**Brief**. Reproduce every entry exactly as given.

**Exercise material**.
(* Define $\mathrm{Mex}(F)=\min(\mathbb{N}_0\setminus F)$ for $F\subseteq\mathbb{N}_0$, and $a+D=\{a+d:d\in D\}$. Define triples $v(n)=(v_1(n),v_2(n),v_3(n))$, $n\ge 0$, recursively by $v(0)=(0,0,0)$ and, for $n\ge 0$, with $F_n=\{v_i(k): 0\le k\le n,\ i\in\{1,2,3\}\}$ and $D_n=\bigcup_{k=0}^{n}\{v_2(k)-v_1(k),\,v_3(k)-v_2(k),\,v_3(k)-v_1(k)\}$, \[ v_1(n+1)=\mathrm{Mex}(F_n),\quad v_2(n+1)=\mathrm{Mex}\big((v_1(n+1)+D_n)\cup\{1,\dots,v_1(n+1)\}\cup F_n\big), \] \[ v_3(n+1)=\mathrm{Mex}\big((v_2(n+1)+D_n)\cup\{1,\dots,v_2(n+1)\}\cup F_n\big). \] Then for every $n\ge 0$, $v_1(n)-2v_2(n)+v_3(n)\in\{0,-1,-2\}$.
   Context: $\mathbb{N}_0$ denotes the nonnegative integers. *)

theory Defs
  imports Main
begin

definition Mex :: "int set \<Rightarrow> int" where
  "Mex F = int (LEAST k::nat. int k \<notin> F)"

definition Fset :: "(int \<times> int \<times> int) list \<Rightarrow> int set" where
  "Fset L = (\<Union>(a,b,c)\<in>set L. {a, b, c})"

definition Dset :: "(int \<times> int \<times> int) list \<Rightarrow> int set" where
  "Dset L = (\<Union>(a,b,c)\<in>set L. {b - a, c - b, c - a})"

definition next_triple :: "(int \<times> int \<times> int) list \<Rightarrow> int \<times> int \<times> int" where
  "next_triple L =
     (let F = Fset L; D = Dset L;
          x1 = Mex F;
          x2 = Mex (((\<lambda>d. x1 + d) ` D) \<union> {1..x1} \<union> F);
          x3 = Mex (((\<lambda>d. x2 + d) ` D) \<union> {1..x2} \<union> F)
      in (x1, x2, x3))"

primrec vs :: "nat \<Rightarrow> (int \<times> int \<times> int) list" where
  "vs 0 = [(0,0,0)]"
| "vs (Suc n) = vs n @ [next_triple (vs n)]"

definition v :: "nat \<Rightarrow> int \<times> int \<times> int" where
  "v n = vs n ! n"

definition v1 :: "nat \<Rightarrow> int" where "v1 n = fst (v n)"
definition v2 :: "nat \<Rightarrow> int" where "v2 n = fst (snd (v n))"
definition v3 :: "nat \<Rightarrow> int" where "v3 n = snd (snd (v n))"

**Response to this task**.
(* Define $\mathrm{Mex}(F)=\min(\mathbb{N}_0\setminus F)$ for $F\subseteq\mathbb{N}_0$, and $a+D=\{a+d:d\in D\}$. Define triples $v(n)=(v_1(n),v_2(n),v_3(n))$, $n\ge 0$, recursively by $v(0)=(0,0,0)$ and, for $n\ge 0$, with $F_n=\{v_i(k): 0\le k\le n,\ i\in\{1,2,3\}\}$ and $D_n=\bigcup_{k=0}^{n}\{v_2(k)-v_1(k),\,v_3(k)-v_2(k),\,v_3(k)-v_1(k)\}$, \[ v_1(n+1)=\mathrm{Mex}(F_n),\quad v_2(n+1)=\mathrm{Mex}\big((v_1(n+1)+D_n)\cup\{1,\dots,v_1(n+1)\}\cup F_n\big), \] \[ v_3(n+1)=\mathrm{Mex}\big((v_2(n+1)+D_n)\cup\{1,\dots,v_2(n+1)\}\cup F_n\big). \] Then for every $n\ge 0$, $v_1(n)-2v_2(n)+v_3(n)\in\{0,-1,-2\}$.
   Context: $\mathbb{N}_0$ denotes the nonnegative integers. *)

theory Defs
  imports Main
begin

definition Mex :: "int set \<Rightarrow> int" where
  "Mex F = int (LEAST k::nat. int k \<notin> F)"

definition Fset :: "(int \<times> int \<times> int) list \<Rightarrow> int set" where
  "Fset L = (\<Union>(a,b,c)\<in>set L. {a, b, c})"

definition Dset :: "(int \<times> int \<times> int) list \<Rightarrow> int set" where
  "Dset L = (\<Union>(a,b,c)\<in>set L. {b - a, c - b, c - a})"

definition next_triple :: "(int \<times> int \<times> int) list \<Rightarrow> int \<times> int \<times> int" where
  "next_triple L =
     (let F = Fset L; D = Dset L;
          x1 = Mex F;
          x2 = Mex (((\<lambda>d. x1 + d) ` D) \<union> {1..x1} \<union> F);
          x3 = Mex (((\<lambda>d. x2 + d) ` D) \<union> {1..x2} \<union> F)
      in (x1, x2, x3))"

primrec vs :: "nat \<Rightarrow> (int \<times> int \<times> int) list" where
  "vs 0 = [(0,0,0)]"
| "vs (Suc n) = vs n @ [next_triple (vs n)]"

definition v :: "nat \<Rightarrow> int \<times> int \<times> int" where
  "v n = vs n ! n"

definition v1 :: "nat \<Rightarrow> int" where "v1 n = fst (v n)"
definition v2 :: "nat \<Rightarrow> int" where "v2 n = fst (snd (v n))"
definition v3 :: "nat \<Rightarrow> int" where "v3 n = snd (snd (v n))"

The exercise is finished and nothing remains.